What to work on » Write out the entries below exactly, from the first line to the one with "finV by simp", both ends included.

(Stored items)
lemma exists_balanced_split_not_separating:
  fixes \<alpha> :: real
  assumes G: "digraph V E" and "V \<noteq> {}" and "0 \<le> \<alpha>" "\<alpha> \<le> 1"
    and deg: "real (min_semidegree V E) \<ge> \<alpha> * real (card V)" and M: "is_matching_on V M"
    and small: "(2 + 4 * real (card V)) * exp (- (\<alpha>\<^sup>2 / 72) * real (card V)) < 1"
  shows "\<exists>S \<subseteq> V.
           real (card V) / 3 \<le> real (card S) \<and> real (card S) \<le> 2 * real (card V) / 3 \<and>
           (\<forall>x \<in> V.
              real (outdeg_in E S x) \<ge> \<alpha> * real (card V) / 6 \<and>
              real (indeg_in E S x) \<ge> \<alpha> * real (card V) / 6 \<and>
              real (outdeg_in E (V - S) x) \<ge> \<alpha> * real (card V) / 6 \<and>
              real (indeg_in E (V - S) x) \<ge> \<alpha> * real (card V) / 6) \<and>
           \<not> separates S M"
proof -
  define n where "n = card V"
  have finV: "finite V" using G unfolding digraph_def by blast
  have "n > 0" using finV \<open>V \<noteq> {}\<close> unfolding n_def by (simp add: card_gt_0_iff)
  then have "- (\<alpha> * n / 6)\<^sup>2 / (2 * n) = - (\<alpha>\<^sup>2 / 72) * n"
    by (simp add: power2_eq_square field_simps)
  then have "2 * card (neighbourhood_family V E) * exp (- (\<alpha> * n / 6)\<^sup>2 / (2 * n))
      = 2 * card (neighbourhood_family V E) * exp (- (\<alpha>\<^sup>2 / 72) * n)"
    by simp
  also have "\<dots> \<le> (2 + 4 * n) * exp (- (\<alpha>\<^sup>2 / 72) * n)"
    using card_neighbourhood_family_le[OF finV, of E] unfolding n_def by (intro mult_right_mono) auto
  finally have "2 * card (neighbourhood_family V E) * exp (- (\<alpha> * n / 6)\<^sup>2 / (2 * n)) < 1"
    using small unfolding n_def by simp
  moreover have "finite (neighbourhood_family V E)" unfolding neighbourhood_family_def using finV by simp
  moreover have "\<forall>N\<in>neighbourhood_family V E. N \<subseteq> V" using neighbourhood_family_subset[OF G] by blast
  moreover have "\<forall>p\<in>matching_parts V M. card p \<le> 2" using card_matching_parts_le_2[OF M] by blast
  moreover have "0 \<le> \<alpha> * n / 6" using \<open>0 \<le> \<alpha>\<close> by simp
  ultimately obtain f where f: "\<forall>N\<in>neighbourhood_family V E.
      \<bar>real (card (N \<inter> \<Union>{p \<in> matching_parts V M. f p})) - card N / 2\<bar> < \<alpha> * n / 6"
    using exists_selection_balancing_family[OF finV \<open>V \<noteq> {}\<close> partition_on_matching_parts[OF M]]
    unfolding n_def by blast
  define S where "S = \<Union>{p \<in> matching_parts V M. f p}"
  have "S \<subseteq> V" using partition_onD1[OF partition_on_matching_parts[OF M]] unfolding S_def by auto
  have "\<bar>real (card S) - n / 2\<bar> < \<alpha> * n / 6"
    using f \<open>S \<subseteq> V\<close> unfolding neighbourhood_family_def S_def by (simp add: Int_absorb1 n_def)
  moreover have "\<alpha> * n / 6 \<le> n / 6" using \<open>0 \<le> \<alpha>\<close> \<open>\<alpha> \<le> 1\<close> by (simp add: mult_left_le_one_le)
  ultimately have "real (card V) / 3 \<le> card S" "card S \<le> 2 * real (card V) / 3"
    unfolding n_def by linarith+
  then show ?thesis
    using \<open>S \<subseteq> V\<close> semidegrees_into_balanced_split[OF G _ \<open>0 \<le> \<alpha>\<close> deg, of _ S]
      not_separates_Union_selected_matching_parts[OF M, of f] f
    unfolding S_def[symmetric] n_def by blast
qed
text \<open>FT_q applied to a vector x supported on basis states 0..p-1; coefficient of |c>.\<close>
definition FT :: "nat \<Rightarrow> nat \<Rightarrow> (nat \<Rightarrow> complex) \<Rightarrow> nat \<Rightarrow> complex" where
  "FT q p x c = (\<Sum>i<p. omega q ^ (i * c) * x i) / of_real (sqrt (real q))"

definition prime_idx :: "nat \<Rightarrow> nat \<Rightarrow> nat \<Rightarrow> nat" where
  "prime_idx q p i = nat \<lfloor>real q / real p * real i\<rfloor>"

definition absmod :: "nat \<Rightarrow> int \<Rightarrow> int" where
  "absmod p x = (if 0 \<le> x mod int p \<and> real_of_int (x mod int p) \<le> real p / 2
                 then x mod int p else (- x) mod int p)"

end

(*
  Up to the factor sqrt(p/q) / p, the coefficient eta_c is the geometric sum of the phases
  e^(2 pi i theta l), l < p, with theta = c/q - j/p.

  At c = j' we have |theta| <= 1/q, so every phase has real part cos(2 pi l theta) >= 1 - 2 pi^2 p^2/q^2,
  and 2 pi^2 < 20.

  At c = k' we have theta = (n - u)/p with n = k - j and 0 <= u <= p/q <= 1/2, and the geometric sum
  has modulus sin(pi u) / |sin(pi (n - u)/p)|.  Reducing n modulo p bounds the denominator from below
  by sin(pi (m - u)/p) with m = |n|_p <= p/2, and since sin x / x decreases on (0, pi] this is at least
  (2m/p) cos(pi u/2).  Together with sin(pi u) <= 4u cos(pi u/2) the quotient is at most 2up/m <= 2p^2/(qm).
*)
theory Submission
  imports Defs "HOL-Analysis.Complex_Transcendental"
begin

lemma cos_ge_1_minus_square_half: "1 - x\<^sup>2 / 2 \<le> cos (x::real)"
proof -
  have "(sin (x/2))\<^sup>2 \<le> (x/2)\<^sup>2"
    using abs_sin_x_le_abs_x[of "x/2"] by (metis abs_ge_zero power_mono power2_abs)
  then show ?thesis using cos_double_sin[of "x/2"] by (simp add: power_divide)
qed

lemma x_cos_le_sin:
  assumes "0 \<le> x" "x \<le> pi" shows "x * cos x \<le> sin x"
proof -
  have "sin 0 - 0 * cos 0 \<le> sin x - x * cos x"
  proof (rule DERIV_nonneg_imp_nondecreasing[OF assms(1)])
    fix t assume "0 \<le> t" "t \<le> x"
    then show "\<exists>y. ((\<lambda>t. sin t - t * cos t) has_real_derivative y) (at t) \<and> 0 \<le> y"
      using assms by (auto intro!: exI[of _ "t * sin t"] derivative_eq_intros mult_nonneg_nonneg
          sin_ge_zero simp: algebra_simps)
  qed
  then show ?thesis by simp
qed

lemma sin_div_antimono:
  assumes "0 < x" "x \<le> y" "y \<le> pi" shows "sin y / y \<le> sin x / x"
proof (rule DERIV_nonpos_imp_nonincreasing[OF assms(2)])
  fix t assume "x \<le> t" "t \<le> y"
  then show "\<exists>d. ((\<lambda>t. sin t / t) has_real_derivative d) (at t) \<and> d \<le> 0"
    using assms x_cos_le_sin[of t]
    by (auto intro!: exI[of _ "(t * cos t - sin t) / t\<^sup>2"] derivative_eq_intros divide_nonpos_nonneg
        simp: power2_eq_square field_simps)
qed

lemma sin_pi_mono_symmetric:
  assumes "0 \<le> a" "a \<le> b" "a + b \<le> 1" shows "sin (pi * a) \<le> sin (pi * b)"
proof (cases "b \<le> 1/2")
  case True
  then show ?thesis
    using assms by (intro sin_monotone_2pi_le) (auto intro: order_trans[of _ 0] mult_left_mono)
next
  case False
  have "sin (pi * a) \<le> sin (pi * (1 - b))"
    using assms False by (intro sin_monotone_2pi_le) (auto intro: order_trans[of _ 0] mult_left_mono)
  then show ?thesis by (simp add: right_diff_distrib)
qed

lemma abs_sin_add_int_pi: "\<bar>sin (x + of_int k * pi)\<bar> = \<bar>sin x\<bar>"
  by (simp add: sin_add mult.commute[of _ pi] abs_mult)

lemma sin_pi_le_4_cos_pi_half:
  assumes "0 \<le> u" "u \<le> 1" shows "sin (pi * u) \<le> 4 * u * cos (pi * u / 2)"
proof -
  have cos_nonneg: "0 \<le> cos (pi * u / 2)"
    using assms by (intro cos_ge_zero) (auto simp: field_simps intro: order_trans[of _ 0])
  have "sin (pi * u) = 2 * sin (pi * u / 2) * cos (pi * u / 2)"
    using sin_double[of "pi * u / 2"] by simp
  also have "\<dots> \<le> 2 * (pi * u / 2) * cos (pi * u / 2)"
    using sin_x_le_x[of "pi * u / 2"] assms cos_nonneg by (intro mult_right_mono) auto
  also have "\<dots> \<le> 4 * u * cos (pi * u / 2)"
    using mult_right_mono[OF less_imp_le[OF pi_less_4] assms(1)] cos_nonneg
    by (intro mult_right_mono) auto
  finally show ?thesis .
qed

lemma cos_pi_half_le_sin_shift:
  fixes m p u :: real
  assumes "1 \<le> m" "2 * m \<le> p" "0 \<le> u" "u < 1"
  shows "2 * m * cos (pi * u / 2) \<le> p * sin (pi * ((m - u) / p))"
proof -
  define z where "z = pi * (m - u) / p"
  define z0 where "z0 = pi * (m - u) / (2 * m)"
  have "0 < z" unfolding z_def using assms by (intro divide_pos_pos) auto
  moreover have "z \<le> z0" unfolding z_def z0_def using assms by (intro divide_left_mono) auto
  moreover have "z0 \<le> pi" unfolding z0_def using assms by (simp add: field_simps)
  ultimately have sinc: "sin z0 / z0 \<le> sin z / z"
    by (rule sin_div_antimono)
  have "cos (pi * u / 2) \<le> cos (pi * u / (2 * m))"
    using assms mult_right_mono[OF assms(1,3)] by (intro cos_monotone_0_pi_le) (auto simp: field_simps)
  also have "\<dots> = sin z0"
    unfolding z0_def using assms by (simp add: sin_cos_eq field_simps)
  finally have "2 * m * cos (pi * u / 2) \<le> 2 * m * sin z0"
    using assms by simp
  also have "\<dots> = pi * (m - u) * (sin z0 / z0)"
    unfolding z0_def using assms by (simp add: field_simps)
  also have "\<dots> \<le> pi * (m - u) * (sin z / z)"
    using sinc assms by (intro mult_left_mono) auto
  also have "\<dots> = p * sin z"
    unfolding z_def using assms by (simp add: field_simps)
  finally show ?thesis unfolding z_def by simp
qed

Response for this exercise »
lemma exists_balanced_split_not_separating:
  fixes \<alpha> :: real
  assumes G: "digraph V E" and "V \<noteq> {}" and "0 \<le> \<alpha>" "\<alpha> \<le> 1"
    and deg: "real (min_semidegree V E) \<ge> \<alpha> * real (card V)" and M: "is_matching_on V M"
    and small: "(2 + 4 * real (card V)) * exp (- (\<alpha>\<^sup>2 / 72) * real (card V)) < 1"
  shows "\<exists>S \<subseteq> V.
           real (card V) / 3 \<le> real (card S) \<and> real (card S) \<le> 2 * real (card V) / 3 \<and>
           (\<forall>x \<in> V.
              real (outdeg_in E S x) \<ge> \<alpha> * real (card V) / 6 \<and>
              real (indeg_in E S x) \<ge> \<alpha> * real (card V) / 6 \<and>
              real (outdeg_in E (V - S) x) \<ge> \<alpha> * real (card V) / 6 \<and>
              real (indeg_in E (V - S) x) \<ge> \<alpha> * real (card V) / 6) \<and>
           \<not> separates S M"
proof -
  define n where "n = card V"
  have finV: "finite V" using G unfolding digraph_def by blast
  have "n > 0" using finV \<open>V \<noteq> {}\<close> unfolding n_def by (simp add: card_gt_0_iff)
  then have "- (\<alpha> * n / 6)\<^sup>2 / (2 * n) = - (\<alpha>\<^sup>2 / 72) * n"
    by (simp add: power2_eq_square field_simps)
  then have "2 * card (neighbourhood_family V E) * exp (- (\<alpha> * n / 6)\<^sup>2 / (2 * n))
      = 2 * card (neighbourhood_family V E) * exp (- (\<alpha>\<^sup>2 / 72) * n)"
    by simp
  also have "\<dots> \<le> (2 + 4 * n) * exp (- (\<alpha>\<^sup>2 / 72) * n)"
    using card_neighbourhood_family_le[OF finV, of E] unfolding n_def by (intro mult_right_mono) auto
  finally have "2 * card (neighbourhood_family V E) * exp (- (\<alpha> * n / 6)\<^sup>2 / (2 * n)) < 1"
    using small unfolding n_def by simp
  moreover have "finite (neighbourhood_family V E)" unfolding neighbourhood_family_def using finV by simp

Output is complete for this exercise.